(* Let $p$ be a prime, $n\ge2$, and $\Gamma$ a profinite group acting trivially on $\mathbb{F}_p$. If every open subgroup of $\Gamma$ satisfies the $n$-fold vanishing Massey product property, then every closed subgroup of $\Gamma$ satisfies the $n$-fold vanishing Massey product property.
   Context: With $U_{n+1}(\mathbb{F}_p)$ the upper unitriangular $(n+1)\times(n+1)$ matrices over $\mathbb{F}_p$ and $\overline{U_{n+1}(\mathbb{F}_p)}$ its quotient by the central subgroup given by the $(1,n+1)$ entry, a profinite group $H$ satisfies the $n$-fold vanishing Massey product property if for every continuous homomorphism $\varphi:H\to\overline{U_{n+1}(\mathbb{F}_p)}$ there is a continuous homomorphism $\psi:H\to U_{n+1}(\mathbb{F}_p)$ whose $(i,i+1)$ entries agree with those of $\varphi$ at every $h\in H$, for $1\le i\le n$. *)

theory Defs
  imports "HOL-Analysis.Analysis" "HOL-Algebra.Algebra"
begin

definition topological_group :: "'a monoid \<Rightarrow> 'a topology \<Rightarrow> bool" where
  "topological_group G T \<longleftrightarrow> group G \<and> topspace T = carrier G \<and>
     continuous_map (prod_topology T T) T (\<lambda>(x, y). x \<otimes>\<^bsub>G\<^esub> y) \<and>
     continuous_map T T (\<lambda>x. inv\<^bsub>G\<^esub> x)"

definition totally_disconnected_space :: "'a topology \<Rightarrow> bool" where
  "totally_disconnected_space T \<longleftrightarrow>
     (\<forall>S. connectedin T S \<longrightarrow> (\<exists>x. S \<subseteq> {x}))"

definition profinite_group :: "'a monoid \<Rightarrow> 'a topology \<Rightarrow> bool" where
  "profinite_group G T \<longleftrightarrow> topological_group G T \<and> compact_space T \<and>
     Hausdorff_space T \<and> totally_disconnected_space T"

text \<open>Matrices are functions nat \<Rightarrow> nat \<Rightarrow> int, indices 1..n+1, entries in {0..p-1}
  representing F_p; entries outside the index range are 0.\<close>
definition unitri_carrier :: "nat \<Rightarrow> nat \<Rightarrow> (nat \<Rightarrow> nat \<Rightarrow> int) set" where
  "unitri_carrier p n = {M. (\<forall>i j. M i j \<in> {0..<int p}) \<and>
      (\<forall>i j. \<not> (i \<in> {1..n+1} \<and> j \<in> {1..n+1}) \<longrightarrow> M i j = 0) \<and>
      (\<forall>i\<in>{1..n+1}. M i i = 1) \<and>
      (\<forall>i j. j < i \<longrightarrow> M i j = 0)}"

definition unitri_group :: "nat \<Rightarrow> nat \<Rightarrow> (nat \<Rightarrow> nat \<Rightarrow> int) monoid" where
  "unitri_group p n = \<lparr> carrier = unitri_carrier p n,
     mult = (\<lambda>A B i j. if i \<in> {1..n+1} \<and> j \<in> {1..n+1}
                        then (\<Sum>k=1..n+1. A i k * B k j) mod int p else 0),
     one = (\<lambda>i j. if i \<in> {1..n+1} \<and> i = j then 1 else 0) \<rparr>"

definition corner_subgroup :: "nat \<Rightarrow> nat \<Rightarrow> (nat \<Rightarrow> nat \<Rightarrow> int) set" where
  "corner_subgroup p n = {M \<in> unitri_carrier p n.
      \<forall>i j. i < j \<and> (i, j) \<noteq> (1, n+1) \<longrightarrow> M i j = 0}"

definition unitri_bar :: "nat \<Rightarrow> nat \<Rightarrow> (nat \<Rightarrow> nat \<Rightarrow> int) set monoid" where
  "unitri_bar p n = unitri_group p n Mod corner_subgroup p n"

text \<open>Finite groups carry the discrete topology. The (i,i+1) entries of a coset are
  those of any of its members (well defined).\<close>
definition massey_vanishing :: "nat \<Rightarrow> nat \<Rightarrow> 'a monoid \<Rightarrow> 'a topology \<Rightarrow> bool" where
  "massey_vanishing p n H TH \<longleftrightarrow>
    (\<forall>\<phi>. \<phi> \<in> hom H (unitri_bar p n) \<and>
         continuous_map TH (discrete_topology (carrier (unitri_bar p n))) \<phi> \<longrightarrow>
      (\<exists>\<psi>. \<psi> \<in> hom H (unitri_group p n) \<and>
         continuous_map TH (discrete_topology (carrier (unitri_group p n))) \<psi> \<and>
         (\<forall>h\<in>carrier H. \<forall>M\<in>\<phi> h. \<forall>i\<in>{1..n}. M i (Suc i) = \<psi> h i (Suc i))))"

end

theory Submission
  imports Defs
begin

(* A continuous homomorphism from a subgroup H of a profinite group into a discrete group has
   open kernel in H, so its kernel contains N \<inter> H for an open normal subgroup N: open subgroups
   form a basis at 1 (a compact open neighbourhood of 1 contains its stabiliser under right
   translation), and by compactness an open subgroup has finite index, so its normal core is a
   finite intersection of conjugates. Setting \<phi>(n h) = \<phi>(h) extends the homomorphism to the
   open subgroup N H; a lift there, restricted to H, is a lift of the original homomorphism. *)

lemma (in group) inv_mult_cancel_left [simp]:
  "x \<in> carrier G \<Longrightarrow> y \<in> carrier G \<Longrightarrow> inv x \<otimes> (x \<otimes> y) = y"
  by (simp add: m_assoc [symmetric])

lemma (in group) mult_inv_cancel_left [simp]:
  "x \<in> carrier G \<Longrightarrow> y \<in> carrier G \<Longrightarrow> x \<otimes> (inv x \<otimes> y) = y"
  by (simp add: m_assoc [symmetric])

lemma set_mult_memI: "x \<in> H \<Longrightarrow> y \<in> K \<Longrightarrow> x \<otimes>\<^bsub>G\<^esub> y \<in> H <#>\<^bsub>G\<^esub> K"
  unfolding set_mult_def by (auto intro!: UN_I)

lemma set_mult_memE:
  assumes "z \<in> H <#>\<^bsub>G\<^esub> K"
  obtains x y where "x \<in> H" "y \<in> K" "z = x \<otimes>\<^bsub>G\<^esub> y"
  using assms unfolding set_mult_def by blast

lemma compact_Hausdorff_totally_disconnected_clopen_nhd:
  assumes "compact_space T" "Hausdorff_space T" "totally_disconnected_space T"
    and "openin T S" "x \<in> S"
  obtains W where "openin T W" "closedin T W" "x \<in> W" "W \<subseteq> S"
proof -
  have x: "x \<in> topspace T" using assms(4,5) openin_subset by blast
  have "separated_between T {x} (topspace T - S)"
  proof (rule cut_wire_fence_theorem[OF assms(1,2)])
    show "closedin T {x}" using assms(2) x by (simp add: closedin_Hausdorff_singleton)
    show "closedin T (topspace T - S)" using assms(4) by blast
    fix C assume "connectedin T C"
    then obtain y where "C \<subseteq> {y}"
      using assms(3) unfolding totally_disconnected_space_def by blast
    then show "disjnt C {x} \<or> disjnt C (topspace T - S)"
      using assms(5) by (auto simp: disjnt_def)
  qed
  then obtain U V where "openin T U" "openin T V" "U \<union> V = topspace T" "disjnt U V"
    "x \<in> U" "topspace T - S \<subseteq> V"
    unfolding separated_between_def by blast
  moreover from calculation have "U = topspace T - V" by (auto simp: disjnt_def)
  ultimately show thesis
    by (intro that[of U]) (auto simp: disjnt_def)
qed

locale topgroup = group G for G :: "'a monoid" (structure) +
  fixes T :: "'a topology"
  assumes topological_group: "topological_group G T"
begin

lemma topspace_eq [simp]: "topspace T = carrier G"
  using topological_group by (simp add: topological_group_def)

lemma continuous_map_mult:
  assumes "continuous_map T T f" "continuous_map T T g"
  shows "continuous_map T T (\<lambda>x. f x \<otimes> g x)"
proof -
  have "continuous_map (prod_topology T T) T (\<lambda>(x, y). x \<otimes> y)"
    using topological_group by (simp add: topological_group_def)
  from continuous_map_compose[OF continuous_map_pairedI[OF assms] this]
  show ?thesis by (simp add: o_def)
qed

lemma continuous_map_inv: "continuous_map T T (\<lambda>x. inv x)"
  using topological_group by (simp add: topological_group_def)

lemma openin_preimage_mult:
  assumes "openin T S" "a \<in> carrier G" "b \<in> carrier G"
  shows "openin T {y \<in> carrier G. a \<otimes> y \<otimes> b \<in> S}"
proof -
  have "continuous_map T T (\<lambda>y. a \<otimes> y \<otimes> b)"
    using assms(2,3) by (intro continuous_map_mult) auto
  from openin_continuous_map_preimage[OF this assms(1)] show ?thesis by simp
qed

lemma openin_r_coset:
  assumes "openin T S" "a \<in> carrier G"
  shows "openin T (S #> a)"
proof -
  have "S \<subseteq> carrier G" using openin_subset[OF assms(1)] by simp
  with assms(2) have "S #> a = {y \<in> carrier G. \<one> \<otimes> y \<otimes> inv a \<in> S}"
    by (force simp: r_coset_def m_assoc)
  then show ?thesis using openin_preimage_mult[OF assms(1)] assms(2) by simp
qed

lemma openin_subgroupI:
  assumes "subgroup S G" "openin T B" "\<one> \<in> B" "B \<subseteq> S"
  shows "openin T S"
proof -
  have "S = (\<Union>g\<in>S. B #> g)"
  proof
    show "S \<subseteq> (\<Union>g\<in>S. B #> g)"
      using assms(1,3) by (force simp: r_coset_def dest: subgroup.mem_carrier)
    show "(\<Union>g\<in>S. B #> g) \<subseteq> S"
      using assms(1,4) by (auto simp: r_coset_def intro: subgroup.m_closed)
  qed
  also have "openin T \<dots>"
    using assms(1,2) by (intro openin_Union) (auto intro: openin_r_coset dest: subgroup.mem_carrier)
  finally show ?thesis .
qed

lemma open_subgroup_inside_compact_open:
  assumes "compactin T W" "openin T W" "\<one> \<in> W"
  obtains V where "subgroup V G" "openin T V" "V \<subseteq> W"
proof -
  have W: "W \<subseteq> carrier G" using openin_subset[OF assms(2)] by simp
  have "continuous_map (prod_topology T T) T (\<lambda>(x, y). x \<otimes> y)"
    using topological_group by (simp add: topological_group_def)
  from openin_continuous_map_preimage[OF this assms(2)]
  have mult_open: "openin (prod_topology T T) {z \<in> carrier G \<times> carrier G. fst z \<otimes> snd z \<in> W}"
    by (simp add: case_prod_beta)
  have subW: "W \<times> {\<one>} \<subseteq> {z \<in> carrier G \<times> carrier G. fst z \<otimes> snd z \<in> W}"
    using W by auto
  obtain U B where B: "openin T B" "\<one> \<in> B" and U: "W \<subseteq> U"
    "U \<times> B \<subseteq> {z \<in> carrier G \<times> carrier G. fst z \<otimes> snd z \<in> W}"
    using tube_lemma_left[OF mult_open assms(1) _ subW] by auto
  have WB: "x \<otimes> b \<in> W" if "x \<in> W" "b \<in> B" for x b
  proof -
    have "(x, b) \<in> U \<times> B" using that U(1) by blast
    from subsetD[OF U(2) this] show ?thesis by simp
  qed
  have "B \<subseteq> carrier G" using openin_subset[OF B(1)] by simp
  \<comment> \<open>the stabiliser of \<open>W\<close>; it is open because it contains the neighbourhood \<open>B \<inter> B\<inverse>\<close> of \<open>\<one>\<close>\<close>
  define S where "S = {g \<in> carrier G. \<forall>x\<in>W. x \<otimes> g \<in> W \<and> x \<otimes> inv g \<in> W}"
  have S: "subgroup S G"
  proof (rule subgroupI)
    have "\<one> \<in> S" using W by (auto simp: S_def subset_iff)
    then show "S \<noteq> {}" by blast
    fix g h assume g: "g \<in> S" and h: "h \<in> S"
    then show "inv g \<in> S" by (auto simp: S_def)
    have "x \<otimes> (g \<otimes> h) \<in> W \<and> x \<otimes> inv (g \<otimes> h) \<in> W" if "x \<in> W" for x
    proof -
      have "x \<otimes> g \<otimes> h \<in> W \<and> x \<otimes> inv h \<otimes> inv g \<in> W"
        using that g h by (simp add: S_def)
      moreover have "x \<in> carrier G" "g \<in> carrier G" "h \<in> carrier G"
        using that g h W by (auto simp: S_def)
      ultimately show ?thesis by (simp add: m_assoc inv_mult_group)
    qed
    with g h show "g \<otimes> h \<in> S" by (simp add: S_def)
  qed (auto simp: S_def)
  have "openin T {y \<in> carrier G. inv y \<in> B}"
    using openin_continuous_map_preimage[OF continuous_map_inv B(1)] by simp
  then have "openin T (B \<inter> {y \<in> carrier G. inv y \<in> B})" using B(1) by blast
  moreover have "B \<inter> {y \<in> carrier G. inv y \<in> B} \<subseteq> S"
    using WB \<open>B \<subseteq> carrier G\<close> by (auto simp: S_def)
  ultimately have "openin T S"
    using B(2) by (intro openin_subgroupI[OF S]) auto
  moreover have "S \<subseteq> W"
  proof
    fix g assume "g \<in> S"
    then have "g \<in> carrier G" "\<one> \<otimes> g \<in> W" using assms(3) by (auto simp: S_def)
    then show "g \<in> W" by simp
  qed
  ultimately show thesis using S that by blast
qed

■ ■ ■ ■ ■ ■ ■

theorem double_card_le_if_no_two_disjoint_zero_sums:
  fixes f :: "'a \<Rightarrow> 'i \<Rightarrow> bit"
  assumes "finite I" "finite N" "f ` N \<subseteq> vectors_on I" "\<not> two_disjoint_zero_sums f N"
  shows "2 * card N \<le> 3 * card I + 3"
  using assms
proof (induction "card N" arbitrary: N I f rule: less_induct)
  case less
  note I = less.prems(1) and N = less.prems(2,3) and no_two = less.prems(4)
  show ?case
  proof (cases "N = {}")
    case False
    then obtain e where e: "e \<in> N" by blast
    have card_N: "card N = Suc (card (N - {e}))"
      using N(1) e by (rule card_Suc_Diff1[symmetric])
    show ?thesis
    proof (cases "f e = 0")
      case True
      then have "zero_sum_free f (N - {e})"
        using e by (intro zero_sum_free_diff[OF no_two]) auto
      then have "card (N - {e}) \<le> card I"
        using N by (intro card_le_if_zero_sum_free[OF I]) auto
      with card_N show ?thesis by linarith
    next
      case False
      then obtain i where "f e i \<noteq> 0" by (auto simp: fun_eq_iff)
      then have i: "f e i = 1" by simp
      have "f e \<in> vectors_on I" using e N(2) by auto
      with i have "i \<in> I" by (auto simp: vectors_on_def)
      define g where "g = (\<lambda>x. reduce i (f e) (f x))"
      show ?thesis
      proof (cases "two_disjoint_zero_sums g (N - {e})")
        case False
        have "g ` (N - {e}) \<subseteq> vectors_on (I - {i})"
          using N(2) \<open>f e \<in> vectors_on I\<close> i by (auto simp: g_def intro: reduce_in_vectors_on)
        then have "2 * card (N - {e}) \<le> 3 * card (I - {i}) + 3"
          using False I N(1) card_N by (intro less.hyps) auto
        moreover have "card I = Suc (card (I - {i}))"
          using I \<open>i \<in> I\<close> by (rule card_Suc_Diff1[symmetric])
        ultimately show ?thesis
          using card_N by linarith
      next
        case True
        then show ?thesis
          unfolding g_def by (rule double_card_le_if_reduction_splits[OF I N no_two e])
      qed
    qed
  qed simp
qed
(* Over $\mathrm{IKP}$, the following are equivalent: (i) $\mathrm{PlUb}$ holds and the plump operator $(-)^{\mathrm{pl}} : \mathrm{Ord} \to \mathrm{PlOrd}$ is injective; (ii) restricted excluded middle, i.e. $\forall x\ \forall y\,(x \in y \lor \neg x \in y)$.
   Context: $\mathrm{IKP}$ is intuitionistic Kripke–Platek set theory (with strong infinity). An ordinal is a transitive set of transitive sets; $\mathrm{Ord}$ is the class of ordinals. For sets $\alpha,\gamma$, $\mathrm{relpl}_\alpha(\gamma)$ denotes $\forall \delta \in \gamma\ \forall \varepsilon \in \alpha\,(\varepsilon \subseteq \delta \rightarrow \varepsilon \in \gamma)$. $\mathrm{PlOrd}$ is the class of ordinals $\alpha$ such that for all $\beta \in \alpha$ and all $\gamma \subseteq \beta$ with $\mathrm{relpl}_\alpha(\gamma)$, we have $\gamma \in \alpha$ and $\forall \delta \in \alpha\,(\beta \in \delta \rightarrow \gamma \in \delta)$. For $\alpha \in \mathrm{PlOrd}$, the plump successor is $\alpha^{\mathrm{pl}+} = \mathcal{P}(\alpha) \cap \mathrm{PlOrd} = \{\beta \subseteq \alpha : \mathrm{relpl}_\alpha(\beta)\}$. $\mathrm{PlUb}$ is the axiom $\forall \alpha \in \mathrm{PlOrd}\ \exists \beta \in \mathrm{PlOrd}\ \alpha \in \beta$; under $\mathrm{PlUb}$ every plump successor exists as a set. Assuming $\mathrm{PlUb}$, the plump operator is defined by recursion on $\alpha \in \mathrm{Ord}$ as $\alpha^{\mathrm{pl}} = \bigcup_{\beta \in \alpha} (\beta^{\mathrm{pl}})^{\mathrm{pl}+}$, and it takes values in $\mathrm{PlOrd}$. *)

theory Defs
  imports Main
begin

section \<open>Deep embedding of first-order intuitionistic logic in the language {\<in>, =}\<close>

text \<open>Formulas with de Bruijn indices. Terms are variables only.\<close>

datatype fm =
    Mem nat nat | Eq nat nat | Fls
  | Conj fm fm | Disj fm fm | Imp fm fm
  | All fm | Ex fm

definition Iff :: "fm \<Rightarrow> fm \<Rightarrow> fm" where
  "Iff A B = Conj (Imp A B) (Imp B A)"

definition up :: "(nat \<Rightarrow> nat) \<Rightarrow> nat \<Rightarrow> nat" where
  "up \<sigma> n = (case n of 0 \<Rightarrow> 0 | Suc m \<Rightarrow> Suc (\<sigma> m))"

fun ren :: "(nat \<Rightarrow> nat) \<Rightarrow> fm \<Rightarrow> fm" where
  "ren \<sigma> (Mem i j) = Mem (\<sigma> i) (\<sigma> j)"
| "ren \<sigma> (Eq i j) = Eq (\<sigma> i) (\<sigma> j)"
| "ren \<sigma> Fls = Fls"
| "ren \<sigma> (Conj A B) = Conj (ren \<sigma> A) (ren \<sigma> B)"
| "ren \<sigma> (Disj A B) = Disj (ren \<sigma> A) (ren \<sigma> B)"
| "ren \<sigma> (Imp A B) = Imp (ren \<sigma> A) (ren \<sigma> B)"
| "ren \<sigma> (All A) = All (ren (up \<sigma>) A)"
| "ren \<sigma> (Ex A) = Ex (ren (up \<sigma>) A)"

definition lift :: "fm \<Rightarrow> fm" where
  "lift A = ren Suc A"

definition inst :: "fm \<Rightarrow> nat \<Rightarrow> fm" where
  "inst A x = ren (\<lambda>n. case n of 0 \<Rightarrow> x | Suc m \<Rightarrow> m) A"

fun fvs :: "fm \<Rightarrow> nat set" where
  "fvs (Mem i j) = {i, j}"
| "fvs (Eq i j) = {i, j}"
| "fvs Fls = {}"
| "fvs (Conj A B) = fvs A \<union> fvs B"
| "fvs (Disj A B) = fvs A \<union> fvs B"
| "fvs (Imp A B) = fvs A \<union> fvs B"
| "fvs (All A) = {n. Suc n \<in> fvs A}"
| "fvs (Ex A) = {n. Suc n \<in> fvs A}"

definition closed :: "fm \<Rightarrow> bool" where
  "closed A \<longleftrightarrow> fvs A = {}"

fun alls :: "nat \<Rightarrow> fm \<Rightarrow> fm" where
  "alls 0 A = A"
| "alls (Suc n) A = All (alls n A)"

■ ■ ■ ■ ■ ■ ■

◆ Assigned task
From the records above, give again exactly the lines running from the line with "nat \<Rightarrow> 'a" to the line with "open kernel in", inclusive.

◆ Task answer
definition massey_vanishing :: "nat \<Rightarrow> nat \<Rightarrow> 'a monoid \<Rightarrow> 'a topology \<Rightarrow> bool" where
  "massey_vanishing p n H TH \<longleftrightarrow>
    (\<forall>\<phi>. \<phi> \<in> hom H (unitri_bar p n) \<and>
         continuous_map TH (discrete_topology (carrier (unitri_bar p n))) \<phi> \<longrightarrow>
      (\<exists>\<psi>. \<psi> \<in> hom H (unitri_group p n) \<and>
         continuous_map TH (discrete_topology (carrier (unitri_group p n))) \<psi> \<and>
         (\<forall>h\<in>carrier H. \<forall>M\<in>\<phi> h. \<forall>i\<in>{1..n}. M i (Suc i) = \<psi> h i (Suc i))))"

end

theory Submission
  imports Defs
begin

(* A continuous homomorphism from a subgroup H of a profinite group into a discrete group has
   open kernel in H, so its kernel contains N \<inter> H for an open normal subgroup N: open subgroups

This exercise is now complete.